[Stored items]
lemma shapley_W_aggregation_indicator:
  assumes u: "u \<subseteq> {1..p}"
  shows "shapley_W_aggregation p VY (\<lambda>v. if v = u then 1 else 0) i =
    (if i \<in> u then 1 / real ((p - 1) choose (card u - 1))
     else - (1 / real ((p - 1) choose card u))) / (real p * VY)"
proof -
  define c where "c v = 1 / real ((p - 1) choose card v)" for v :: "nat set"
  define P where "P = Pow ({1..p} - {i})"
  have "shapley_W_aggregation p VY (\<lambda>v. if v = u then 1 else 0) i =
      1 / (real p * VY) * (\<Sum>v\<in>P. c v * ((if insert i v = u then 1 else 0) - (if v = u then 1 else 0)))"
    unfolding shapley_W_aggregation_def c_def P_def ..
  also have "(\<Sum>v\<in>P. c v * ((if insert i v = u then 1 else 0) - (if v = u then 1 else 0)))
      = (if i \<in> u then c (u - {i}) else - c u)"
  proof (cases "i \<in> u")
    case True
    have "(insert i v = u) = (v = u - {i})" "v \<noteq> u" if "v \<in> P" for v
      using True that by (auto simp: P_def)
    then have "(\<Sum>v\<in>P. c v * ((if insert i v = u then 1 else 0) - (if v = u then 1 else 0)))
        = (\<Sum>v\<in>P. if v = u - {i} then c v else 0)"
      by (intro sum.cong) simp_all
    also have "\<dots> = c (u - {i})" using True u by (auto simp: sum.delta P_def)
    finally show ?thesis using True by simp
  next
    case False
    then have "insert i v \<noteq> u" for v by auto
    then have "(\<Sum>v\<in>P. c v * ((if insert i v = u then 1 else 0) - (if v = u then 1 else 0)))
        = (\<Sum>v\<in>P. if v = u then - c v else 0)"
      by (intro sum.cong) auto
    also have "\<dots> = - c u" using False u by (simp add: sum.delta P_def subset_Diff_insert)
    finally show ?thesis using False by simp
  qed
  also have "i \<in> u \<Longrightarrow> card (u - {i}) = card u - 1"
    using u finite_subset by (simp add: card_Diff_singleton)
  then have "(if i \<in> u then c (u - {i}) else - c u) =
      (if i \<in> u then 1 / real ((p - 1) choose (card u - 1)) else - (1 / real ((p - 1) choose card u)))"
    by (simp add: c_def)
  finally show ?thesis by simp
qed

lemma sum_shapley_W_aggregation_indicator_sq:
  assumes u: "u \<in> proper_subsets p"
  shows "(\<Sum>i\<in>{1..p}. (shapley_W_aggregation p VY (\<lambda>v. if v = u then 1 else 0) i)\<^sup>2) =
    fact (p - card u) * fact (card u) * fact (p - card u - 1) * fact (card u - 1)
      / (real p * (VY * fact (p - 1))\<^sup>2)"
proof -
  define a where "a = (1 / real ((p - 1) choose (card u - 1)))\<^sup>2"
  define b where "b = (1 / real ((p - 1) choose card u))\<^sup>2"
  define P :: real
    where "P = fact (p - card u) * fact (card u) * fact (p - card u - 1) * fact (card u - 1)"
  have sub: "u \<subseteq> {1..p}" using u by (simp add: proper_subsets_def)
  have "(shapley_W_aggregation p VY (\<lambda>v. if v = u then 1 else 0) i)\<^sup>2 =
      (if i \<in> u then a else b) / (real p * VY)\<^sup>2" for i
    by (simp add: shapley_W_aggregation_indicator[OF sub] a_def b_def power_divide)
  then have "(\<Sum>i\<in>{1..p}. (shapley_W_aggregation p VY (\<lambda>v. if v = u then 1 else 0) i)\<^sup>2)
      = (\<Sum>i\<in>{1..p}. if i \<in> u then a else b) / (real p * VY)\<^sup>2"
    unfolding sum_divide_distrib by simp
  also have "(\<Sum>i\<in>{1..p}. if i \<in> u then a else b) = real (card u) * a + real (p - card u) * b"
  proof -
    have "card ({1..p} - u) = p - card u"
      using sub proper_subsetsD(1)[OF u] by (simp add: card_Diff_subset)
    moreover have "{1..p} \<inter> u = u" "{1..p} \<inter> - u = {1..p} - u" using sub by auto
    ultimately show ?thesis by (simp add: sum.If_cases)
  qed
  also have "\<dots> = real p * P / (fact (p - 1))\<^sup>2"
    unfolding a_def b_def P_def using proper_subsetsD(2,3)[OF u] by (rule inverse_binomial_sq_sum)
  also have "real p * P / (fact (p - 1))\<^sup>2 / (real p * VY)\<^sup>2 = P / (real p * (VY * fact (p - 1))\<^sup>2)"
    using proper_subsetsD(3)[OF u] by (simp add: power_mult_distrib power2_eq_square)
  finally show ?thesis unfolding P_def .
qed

ASSIGNED TASK. An exact copy of all the records above is the required answer.

SOLUTION.
lemma shapley_W_aggregation_indicator:
  assumes u: "u \<subseteq> {1..p}"
  shows "shapley_W_aggregation p VY (\<lambda>v. if v = u then 1 else 0) i =
    (if i \<in> u then 1 / real ((p - 1) choose (card u - 1))
     else - (1 / real ((p - 1) choose card u))) / (real p * VY)"
proof -
  define c where "c v = 1 / real ((p - 1) choose card v)" for v :: "nat set"
  define P where "P = Pow ({1..p} - {i})"
  have "shapley_W_aggregation p VY (\<lambda>v. if v = u then 1 else 0) i =
      1 / (real p * VY) * (\<Sum>v\<in>P. c v * ((if insert i v = u then 1 else 0) - (if v = u then 1 else 0)))"
    unfolding shapley_W_aggregation_def c_def P_def ..
  also have "(\<Sum>v\<in>P. c v * ((if insert i v = u then 1 else 0) - (if v = u then 1 else 0)))
      = (if i \<in> u then c (u - {i}) else - c u)"
  proof (cases "i \<in> u")
    case True
    have "(insert i v = u) = (v = u - {i})" "v \<noteq> u" if "v \<in> P" for v
      using True that by (auto simp: P_def)
    then have "(\<Sum>v\<in>P. c v * ((if insert i v = u then 1 else 0) - (if v = u then 1 else 0)))
        = (\<Sum>v\<in>P. if v = u - {i} then c v else 0)"
      by (intro sum.cong) simp_all
    also have "\<dots> = c (u - {i})" using True u by (auto simp: sum.delta P_def)
    finally show ?thesis using True by simp
  next
    case False
    then have "insert i v \<noteq> u" for v by auto
    then have "(\<Sum>v\<in>P. c v * ((if insert i v = u then 1 else 0) - (if v = u then 1 else 0)))
        = (\<Sum>v\<in>P. if v = u then - c v else 0)"
      by (intro sum.cong) auto
    also have "\<dots> = - c u" using False u by (simp add: sum.delta P_def subset_Diff_insert)
    finally show ?thesis using False by simp
  qed
  also have "i \<in> u \<Longrightarrow> card (u - {i}) = card u - 1"
    using u finite_subset by (simp add: card_Diff_singleton)
  then have "(if i \<in> u then c (u - {i}) else - c u) =
      (if i \<in> u then 1 / real ((p - 1) choose (card u - 1)) else - (1 / real ((p - 1) choose card u)))"
    by (simp add: c_def)
  finally show ?thesis by simp
qed

lemma sum_shapley_W_aggregation_indicator_sq:
  assumes u: "u \<in> proper_subsets p"
  shows "(\<Sum>i\<in>{1..p}. (shapley_W_aggregation p VY (\<lambda>v. if v = u then 1 else 0) i)\<^sup>2) =
    fact (p - card u) * fact (card u) * fact (p - card u - 1) * fact (card u - 1)
      / (real p * (VY * fact (p - 1))\<^sup>2)"
proof -
  define a where "a = (1 / real ((p - 1) choose (card u - 1)))\<^sup>2"
  define b where "b = (1 / real ((p - 1) choose card u))\<^sup>2"
  define P :: real
    where "P = fact (p - card u) * fact (card u) * fact (p - card u - 1) * fact (card u - 1)"
  have sub: "u \<subseteq> {1..p}" using u by (simp add: proper_subsets_def)
  have "(shapley_W_aggregation p VY (\<lambda>v. if v = u then 1 else 0) i)\<^sup>2 =
      (if i \<in> u then a else b) / (real p * VY)\<^sup>2" for i
    by (simp add: shapley_W_aggregation_indicator[OF sub] a_def b_def power_divide)
  then have "(\<Sum>i\<in>{1..p}. (shapley_W_aggregation p VY (\<lambda>v. if v = u then 1 else 0) i)\<^sup>2)
      = (\<Sum>i\<in>{1..p}. if i \<in> u then a else b) / (real p * VY)\<^sup>2"
    unfolding sum_divide_distrib by simp
  also have "(\<Sum>i\<in>{1..p}. if i \<in> u then a else b) = real (card u) * a + real (p - card u) * b"
  proof -
    have "card ({1..p} - u) = p - card u"
      using sub proper_subsetsD(1)[OF u] by (simp add: card_Diff_subset)
    moreover have "{1..p} \<inter> u = u" "{1..p} \<inter> - u = {1..p} - u" using sub by auto
    ultimately show ?thesis by (simp add: sum.If_cases)
  qed
  also have "\<dots> = real p * P / (fact (p - 1))\<^sup>2"
    unfolding a_def b_def P_def using proper_subsetsD(2,3)[OF u] by (rule inverse_binomial_sq_sum)
  also have "real p * P / (fact (p - 1))\<^sup>2 / (real p * VY)\<^sup>2 = P / (real p * (VY * fact (p - 1))\<^sup>2)"
    using proper_subsetsD(3)[OF u] by (simp add: power_mult_distrib power2_eq_square)
  finally show ?thesis unfolding P_def .
qed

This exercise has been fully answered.